-------- Material shown --------

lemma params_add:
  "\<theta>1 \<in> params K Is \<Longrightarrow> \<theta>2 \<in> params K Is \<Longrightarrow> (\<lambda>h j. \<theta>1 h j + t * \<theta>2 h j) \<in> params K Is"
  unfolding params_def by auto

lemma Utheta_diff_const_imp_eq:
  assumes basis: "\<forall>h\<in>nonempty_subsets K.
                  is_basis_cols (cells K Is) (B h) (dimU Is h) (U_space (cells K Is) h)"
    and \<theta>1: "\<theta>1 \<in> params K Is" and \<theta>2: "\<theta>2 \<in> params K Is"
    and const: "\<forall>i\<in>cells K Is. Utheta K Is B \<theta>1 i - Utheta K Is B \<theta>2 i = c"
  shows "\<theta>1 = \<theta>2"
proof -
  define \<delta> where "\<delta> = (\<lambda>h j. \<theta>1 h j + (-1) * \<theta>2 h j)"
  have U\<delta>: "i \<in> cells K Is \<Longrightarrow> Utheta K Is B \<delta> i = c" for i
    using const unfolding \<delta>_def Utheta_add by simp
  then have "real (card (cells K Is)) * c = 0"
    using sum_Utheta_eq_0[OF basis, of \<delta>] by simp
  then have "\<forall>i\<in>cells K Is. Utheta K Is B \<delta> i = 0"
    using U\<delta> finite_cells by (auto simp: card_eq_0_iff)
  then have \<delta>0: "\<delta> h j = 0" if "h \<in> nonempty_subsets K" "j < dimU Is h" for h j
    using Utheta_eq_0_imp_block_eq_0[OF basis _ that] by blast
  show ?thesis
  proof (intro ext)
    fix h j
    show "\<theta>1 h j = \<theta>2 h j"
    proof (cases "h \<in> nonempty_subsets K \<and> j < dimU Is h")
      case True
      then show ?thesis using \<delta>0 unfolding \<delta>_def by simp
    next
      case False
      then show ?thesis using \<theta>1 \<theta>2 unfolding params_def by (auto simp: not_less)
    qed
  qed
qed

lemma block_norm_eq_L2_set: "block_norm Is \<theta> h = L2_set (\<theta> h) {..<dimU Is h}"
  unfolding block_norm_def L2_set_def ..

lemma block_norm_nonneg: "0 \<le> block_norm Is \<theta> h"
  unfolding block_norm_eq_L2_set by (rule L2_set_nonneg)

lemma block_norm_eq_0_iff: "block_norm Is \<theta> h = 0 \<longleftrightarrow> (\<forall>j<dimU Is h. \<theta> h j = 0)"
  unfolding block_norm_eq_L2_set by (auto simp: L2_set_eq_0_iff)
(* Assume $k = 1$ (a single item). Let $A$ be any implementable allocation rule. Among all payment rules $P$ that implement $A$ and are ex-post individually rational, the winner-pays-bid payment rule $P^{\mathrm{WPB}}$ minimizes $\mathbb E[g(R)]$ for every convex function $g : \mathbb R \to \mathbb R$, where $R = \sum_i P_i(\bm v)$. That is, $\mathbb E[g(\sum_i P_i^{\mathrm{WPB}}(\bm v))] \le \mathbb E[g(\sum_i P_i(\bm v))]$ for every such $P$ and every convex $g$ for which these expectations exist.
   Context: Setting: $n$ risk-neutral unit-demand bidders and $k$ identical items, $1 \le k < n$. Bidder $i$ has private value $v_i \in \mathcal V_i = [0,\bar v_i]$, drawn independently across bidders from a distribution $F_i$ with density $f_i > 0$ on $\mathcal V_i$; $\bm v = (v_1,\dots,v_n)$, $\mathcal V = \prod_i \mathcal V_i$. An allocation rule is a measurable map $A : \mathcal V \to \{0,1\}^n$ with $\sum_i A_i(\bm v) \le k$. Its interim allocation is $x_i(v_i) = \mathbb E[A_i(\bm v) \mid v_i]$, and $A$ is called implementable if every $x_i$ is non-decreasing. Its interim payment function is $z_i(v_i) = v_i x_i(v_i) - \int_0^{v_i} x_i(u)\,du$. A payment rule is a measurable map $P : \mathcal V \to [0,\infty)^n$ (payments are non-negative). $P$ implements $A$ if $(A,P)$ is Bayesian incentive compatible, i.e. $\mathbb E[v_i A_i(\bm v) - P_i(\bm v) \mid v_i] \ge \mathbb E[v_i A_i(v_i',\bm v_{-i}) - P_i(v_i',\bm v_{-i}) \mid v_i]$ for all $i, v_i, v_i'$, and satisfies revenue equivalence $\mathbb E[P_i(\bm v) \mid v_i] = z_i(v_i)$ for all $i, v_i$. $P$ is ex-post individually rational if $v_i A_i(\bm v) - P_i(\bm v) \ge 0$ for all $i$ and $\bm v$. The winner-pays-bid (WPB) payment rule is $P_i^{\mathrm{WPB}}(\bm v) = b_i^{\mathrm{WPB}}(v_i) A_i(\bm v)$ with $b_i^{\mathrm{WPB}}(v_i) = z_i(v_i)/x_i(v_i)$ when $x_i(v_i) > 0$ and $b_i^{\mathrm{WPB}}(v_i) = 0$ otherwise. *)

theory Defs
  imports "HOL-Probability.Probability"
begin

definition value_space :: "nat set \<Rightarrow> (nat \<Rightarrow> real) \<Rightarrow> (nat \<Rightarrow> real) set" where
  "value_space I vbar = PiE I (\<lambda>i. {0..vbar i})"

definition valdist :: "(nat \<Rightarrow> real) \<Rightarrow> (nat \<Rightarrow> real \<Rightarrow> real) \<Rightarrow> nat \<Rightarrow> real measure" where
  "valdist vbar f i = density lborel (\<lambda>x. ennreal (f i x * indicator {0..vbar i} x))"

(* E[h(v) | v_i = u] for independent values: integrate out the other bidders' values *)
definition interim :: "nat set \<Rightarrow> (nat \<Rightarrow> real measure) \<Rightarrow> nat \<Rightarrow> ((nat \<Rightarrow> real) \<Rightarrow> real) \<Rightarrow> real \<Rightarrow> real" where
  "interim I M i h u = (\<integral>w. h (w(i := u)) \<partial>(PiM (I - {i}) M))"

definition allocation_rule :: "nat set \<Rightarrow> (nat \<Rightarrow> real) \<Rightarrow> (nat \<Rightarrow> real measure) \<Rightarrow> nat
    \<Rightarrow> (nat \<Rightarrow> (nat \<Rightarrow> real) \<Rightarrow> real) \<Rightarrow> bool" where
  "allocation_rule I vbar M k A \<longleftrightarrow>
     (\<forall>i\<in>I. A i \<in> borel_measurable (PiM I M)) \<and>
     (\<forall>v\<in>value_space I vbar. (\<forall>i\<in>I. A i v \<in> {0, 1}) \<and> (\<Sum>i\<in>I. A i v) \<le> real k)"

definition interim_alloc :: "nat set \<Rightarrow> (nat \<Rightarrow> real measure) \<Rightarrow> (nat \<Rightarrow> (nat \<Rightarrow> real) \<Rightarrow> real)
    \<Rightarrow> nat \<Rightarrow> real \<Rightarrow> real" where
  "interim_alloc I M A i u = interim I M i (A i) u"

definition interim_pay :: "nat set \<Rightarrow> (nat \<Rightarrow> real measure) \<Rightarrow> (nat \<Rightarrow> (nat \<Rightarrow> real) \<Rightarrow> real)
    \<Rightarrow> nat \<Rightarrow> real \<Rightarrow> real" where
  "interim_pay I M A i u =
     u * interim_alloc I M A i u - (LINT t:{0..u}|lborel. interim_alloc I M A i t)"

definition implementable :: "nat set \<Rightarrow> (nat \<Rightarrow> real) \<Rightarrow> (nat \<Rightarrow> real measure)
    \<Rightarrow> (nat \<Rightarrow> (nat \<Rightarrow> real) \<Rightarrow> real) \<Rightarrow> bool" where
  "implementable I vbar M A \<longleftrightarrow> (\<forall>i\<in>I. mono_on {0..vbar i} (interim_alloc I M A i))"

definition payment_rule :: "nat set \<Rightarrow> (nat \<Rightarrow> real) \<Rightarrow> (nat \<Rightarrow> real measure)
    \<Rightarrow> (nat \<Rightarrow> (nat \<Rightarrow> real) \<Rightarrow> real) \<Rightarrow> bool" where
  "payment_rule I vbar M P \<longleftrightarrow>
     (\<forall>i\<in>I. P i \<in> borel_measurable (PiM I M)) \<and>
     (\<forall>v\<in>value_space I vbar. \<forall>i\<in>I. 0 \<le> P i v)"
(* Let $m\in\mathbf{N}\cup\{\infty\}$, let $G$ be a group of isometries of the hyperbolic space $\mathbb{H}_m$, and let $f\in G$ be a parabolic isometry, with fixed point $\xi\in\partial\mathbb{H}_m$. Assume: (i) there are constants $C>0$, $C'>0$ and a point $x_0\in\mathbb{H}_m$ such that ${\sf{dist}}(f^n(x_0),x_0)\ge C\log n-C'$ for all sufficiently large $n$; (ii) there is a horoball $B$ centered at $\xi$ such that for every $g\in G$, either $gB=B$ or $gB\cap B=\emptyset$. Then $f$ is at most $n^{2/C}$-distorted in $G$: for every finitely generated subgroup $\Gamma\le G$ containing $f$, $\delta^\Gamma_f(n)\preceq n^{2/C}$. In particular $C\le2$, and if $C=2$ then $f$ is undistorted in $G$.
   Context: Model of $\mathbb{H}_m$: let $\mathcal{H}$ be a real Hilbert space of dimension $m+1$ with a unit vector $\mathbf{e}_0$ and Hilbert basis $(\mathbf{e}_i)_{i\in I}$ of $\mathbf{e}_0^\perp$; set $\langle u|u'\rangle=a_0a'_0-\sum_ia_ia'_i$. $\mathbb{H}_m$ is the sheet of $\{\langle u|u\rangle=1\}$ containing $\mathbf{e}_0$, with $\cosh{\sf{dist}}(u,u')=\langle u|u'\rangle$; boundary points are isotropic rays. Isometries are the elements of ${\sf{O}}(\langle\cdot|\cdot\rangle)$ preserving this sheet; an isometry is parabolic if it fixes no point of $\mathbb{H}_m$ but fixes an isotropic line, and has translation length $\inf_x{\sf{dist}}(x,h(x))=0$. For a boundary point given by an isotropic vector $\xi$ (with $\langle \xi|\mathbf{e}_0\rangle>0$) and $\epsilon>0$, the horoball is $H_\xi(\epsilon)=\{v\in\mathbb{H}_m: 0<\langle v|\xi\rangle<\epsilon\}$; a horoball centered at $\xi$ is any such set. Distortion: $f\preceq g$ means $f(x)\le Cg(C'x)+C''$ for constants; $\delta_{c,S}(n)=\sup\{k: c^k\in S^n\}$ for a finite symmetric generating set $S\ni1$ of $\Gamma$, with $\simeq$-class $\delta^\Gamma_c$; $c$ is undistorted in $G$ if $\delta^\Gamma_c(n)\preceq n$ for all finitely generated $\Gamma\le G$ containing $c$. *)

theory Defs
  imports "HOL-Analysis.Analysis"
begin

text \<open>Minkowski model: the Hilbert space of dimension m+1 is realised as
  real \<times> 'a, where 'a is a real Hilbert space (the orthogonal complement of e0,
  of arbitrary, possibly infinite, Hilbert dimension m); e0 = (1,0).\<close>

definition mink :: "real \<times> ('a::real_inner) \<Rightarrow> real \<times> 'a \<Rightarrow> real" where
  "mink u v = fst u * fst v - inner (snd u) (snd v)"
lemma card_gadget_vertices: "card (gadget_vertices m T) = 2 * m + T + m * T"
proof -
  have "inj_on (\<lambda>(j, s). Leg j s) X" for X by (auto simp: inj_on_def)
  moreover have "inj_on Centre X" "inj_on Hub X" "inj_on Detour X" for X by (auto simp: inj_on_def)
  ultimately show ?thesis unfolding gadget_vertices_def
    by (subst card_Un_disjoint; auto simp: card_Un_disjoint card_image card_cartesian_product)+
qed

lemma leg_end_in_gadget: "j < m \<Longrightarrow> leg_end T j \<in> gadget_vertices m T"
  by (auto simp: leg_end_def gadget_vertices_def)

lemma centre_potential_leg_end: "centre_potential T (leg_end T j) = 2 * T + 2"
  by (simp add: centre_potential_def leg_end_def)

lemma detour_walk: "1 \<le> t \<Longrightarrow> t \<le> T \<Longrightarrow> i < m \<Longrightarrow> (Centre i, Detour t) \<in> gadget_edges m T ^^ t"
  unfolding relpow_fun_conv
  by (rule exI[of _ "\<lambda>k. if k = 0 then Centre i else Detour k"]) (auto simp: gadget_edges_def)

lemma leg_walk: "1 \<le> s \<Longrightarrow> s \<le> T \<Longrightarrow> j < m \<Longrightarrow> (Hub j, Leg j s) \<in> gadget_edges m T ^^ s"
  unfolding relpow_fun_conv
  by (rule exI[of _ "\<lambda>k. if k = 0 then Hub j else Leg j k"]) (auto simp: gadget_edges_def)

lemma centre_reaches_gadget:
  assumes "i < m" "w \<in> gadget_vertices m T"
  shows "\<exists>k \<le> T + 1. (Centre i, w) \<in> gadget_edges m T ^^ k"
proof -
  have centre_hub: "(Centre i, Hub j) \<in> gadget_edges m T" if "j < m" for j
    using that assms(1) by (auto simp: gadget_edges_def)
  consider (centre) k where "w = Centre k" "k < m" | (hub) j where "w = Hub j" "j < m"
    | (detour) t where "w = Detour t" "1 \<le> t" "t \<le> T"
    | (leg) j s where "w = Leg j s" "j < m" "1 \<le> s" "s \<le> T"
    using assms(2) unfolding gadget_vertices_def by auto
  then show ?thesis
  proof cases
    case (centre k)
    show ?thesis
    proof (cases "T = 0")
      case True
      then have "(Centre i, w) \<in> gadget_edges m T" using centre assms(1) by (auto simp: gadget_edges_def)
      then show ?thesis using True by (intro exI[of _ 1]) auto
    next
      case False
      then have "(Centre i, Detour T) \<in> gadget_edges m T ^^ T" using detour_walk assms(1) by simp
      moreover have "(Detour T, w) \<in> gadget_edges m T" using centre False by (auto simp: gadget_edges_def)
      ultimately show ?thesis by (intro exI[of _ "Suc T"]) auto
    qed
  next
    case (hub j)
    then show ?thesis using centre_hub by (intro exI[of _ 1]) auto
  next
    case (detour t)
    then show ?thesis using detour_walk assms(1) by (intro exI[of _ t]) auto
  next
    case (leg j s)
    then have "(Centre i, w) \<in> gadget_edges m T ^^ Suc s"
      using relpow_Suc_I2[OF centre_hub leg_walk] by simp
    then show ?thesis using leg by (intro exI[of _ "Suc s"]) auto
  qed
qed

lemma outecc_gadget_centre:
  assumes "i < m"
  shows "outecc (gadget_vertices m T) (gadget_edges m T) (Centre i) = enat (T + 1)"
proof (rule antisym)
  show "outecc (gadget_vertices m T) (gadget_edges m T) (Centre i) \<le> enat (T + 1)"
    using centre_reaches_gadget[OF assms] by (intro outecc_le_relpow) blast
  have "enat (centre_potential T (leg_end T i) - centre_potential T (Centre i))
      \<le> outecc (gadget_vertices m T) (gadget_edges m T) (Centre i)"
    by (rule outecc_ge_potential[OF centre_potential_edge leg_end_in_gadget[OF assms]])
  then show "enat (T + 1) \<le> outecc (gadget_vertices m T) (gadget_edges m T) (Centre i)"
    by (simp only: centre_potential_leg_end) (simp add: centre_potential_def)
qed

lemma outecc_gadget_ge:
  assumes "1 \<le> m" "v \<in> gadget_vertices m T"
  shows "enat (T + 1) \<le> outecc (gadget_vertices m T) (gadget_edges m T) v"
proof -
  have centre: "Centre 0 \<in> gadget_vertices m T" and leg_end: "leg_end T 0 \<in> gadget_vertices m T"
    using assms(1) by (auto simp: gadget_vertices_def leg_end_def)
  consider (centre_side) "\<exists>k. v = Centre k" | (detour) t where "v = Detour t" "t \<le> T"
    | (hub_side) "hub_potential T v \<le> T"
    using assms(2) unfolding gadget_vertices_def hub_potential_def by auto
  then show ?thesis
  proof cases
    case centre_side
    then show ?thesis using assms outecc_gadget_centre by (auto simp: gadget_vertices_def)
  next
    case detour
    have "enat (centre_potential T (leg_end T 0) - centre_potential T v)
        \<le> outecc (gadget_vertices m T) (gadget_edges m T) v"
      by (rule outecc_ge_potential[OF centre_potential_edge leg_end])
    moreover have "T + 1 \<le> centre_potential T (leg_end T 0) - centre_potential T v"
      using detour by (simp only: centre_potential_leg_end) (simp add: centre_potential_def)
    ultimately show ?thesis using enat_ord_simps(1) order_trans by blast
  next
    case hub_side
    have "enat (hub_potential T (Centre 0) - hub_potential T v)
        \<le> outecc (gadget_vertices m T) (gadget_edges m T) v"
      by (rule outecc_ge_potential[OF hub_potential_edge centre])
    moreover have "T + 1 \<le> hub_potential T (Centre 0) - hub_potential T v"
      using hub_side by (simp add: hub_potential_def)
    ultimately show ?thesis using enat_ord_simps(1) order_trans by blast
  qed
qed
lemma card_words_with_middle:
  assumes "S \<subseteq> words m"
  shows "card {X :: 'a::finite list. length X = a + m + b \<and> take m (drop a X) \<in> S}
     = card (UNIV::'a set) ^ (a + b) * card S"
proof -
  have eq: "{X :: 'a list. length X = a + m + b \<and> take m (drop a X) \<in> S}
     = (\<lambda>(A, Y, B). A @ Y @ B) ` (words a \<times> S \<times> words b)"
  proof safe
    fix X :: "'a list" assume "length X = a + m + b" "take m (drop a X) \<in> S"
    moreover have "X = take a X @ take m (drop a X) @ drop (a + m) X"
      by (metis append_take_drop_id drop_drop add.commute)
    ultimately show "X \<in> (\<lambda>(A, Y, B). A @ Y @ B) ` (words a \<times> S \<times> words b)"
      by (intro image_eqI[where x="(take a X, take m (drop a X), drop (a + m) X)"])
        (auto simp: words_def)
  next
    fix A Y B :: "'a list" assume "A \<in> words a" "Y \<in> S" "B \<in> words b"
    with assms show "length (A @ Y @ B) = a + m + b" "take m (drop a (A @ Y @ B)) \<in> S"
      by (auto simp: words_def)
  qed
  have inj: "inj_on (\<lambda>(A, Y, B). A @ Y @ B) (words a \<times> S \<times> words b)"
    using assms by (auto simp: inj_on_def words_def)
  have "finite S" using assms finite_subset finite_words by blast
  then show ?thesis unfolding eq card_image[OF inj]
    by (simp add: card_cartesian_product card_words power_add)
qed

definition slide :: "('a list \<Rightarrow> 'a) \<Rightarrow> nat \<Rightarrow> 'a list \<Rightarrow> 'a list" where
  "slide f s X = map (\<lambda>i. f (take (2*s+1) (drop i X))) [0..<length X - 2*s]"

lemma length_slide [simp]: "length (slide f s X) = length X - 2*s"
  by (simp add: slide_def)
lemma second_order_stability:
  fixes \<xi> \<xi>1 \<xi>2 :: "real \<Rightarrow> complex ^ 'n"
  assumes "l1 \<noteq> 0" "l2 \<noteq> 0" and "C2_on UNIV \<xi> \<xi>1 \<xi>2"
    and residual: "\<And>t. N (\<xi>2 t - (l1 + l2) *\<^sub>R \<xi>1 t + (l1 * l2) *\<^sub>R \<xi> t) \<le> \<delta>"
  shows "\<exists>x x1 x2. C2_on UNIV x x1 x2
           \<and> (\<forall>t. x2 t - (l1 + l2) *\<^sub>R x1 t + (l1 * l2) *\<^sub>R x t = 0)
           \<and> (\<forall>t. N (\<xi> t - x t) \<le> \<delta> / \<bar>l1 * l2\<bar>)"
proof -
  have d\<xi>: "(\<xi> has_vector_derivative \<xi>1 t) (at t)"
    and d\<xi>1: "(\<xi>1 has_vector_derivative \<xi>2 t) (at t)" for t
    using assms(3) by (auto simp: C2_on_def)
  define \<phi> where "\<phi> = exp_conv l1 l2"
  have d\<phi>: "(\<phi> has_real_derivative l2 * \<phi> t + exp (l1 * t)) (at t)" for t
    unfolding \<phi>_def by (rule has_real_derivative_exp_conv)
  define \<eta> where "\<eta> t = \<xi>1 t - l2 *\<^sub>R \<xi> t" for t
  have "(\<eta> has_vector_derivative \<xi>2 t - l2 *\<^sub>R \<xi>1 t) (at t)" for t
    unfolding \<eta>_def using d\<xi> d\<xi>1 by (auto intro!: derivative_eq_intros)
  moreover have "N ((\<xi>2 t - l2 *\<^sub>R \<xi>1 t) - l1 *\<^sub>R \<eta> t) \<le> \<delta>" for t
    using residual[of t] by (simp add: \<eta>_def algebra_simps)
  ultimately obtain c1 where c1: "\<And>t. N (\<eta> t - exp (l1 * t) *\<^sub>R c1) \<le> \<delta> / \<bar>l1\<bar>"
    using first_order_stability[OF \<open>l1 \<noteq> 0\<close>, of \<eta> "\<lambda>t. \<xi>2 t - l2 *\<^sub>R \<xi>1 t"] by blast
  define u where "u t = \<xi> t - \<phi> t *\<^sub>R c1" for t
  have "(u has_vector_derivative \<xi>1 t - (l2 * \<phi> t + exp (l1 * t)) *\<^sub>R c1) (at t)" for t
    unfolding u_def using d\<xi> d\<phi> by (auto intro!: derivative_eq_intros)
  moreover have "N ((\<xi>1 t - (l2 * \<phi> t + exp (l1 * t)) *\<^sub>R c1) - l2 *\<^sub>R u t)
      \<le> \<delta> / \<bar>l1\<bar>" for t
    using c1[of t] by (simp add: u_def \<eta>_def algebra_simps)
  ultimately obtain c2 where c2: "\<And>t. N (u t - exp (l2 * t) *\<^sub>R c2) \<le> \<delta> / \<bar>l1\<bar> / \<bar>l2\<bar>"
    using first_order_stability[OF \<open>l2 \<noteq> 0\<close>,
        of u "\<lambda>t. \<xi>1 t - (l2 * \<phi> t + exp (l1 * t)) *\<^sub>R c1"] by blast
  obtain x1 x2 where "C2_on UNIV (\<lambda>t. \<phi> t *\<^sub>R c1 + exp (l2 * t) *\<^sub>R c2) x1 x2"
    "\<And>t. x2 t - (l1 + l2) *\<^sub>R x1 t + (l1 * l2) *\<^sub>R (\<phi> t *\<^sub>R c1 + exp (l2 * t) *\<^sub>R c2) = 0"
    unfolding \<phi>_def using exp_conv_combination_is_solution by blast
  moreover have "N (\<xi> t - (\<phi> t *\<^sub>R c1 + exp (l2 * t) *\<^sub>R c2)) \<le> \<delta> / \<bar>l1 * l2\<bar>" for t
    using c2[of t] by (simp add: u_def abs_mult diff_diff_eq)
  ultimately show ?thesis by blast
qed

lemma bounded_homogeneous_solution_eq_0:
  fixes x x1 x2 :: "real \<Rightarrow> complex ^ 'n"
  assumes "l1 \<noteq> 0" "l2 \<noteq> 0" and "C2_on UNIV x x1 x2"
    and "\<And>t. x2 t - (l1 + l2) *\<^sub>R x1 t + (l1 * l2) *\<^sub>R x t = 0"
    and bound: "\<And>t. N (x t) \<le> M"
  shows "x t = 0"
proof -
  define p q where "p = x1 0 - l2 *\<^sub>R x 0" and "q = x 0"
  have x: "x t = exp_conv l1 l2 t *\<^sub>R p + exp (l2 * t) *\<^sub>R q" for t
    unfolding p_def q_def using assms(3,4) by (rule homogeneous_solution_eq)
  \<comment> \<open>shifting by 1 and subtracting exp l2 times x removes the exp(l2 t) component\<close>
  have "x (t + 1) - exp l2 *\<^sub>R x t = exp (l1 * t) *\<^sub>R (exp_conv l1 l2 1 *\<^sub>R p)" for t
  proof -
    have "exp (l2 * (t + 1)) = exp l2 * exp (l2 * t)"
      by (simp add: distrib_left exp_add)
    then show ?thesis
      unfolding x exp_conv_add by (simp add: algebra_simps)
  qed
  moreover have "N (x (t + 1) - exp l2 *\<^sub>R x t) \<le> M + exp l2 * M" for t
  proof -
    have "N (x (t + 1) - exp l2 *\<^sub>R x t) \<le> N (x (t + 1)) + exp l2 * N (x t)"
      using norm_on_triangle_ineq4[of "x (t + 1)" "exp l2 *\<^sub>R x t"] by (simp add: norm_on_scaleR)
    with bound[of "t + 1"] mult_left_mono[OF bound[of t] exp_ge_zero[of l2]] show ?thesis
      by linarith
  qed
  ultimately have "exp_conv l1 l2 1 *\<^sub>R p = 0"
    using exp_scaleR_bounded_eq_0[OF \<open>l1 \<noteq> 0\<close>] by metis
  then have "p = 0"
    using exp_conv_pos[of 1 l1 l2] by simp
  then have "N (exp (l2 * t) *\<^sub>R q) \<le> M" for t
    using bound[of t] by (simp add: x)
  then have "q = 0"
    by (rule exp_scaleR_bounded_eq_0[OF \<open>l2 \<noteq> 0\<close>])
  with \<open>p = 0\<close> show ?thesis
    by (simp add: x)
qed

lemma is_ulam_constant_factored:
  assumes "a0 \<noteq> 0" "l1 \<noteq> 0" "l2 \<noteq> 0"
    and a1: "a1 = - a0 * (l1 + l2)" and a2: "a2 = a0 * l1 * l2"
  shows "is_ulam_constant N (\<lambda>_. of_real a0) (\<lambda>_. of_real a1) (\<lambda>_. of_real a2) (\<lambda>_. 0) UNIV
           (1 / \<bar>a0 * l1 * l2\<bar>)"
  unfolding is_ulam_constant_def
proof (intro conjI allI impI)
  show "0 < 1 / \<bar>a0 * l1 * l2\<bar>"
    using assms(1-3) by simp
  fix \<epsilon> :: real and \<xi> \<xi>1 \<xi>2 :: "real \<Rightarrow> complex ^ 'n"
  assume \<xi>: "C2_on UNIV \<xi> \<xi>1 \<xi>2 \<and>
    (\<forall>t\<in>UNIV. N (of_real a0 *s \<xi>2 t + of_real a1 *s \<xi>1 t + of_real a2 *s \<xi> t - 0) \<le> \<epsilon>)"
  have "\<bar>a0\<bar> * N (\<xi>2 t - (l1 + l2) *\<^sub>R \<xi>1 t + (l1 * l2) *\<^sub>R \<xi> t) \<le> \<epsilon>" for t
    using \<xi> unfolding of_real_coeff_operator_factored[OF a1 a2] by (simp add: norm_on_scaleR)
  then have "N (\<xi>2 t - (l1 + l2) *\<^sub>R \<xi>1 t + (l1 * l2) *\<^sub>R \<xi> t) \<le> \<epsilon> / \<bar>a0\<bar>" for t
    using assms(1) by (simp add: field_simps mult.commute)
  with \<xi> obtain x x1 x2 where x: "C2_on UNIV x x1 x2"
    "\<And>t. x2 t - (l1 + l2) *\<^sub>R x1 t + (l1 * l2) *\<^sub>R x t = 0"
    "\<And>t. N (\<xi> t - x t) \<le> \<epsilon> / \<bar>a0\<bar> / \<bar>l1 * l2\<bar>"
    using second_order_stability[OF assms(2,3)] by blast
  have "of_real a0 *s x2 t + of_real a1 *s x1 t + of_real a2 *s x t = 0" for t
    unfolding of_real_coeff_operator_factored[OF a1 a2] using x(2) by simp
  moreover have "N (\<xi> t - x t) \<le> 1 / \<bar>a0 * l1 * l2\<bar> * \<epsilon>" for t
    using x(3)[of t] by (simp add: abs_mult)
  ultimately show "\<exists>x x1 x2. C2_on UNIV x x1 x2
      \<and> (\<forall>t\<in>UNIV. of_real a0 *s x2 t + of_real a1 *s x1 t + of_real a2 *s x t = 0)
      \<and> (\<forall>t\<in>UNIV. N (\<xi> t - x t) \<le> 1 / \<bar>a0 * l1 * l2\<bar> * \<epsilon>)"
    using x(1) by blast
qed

--------

Work item: What lines above contain the string "valdist"? Copy all of them.

Task answer:
definition valdist :: "(nat \<Rightarrow> real) \<Rightarrow> (nat \<Rightarrow> real \<Rightarrow> real) \<Rightarrow> nat \<Rightarrow> real measure" where
  "valdist vbar f i = density lborel (\<lambda>x. ennreal (f i x * indicator {0..vbar i} x))"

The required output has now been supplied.